We cultivate opening ourselves by practicing emptying our minds.
Wisdom
After ten or fifteen minutes, I’m ready to go on to this final paramita.
I make no pretensions to wisdom. But my job is not to tell you what is wisdom. It’s to articulate what I am thinking about wisdom and to learn something by doing so. Maybe you’ll look at what I write and say, “No, that’s foolish. I have a better idea.” Or you’ll say, “What utter gibberish!” and then outline your own view. Good. That’s what you should do.
My understanding of wisdom in Buddhist thinking is that it refers to a deep understanding of the true nature of phenomena. That is, all phenomena are empty of a permanent nature. The closest I can get to this concept is the Law of Interdependent Co-Arising. “All beings are my mother,” is the simple explanation I’ve heard over and over again from my Tibetan friends. I am constantly created and recreated through my interactions as a part of this vast fabric of being. I find meaning in the instant I interact with you and the other beings I encounter, and my essence changes so radically with each encounter that I am actually empty of any permanent essence. To the extent that I exist at all, it is always in relation and is always changing. We are, therefore, all One.

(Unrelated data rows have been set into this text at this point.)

lemma quadratic_pos_of_neg: "p < 0 \<Longrightarrow> 0 \<le> (a::real) \<Longrightarrow> p^2 - p + a > 0"
  by (smt (verit) zero_le_power2)

lemma root_parametrization:
  assumes "0 \<le> a" "fstar a b w \<theta> = 0" "0 < w" "w + 2 * cos \<theta> < 0"
  defines "\<tau> \<equiv> - w - 2 * cos \<theta>"
  defines "p \<equiv> - w / \<tau>"
  shows "p < 0" "1 + b*p > 0" "(cos \<theta>)^2 = cos_sq_param a b p" "- w / \<tau>^3 = z_param a b p"
proof -
  have "\<tau> > 0" using assms(4) unfolding \<tau>_def by simp
  then show "p < 0" unfolding p_def using \<open>0 < w\<close> by simp
  then have pos: "p^2 - p + a > 0" using quadratic_pos_of_neg \<open>0 \<le> a\<close> by blast
  have "\<tau>*w^2 + w*\<tau>^2 + a*\<tau>^3 - \<tau> + b*w = fstar a b w \<theta>"
    unfolding fstar_def \<tau>_def by (simp add: algebra_simps power2_eq_square power3_eq_cube)
  then have root: "\<tau>*w^2 + w*\<tau>^2 + a*\<tau>^3 - \<tau> + b*w = 0"
    using \<open>fstar a b w \<theta> = 0\<close> by simp
  have "\<tau>^2 * (p^2 - p + a) - (1 + b*p) = (\<tau>*w^2 + w*\<tau>^2 + a*\<tau>^3 - \<tau> + b*w) / \<tau>"
    unfolding p_def using \<open>\<tau> > 0\<close> by (simp add: field_simps power2_eq_square power3_eq_cube)
  then have tau_sq: "\<tau>^2 = (1 + b*p) / (p^2 - p + a)"
    unfolding root using pos by (simp add: field_simps)
  then have "1 + b*p = \<tau>^2 * (p^2 - p + a)" using pos by simp
  then show "1 + b*p > 0" using pos \<open>\<tau> > 0\<close> by simp
  have cos_eq: "cos \<theta> = \<tau> * (p - 1) / 2"
    unfolding p_def using \<open>\<tau> > 0\<close> \<tau>_def by (simp add: field_simps)
  have "(cos \<theta>)^2 = \<tau>^2 * (p - 1)^2 / 4"
    unfolding cos_eq by (simp add: power_mult_distrib power_divide)
  then show "(cos \<theta>)^2 = cos_sq_param a b p"
    unfolding tau_sq cos_sq_param_def using pos by (simp add: field_simps)
  have "- w / \<tau>^3 = p / \<tau>^2"
    unfolding p_def using \<open>\<tau> > 0\<close> by (simp add: field_simps power2_eq_square power3_eq_cube)
  also have "\<dots> = z_param a b p"
    unfolding tau_sq z_param_def using pos \<open>1 + b*p > 0\<close> by (simp add: field_simps)
  finally show "- w / \<tau>^3 = z_param a b p" .
qed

That’s pretty heady stuff, and I’m not sure how deeply I’ve felt it. A little, for sure, but more like skipping stones than diving deep. In fact, I’m not sure I entirely buy it. Sure, we are created and we evolve through relationship with the sentient beings in our lives as well as with the physical and cultural environment. Embracing that is a giant step toward more fully realizing our humanity. But accepting radical emptiness is another matter. Doing so requires the dissolution of ego and the abandonment of the idea of soul, which presupposes a permanent essence. That’s a steep climb for a farm boy raised as a Christian. It calls for a future discussion of my spiritual experiences to sort out why I call myself a Buddhist in the first place. That will have to wait for another day, if ever it arrives at all.
For now, though, I believe the better part of wisdom is to keep learning by practicing my meditation.
And now for the Fourth Reminder.
The Fourth Reminder: Beware the Flaws of Samsara
Samsara refers to this cyclical world of suffering through birth and old age and sickness and death, grasping after delusions of permanence along the way. It is, in other words, this human condition. Its flaws are (1) the delusion that we can achieve permanence (though we try to do so by acquiring material things and achieving perceived importance) and (2) the dread of our annihilation.
Trungpa Rinpoche, who has never been one of my teachers, said that Samsara is “Our lack of recognizing that we have had a precious birth, our denial of our own death, the karma of taking a human body…” The antidote for the flaws of Samsara, therefore, is gratitude, acceptance of death, and recognition of cause and effect.
To take the discussion further into my eclectic, Buddhism Light approach, I’ll remember what my old friend Nick Cafarelli, a devout Catholic, used to quote from Pierre Teilhard de Chardin: “We are not human beings having a spiritual experience. We are spiritual beings having a human experience.”
So, whatever religious or mystical drama has awakened our awareness of the ineffable, we do well to acknowledge and cultivate that experience. We do an injustice to ourselves by ignoring it.
My meditation practice and my love for quiet walks in the woods is my way of cultivating my spirit.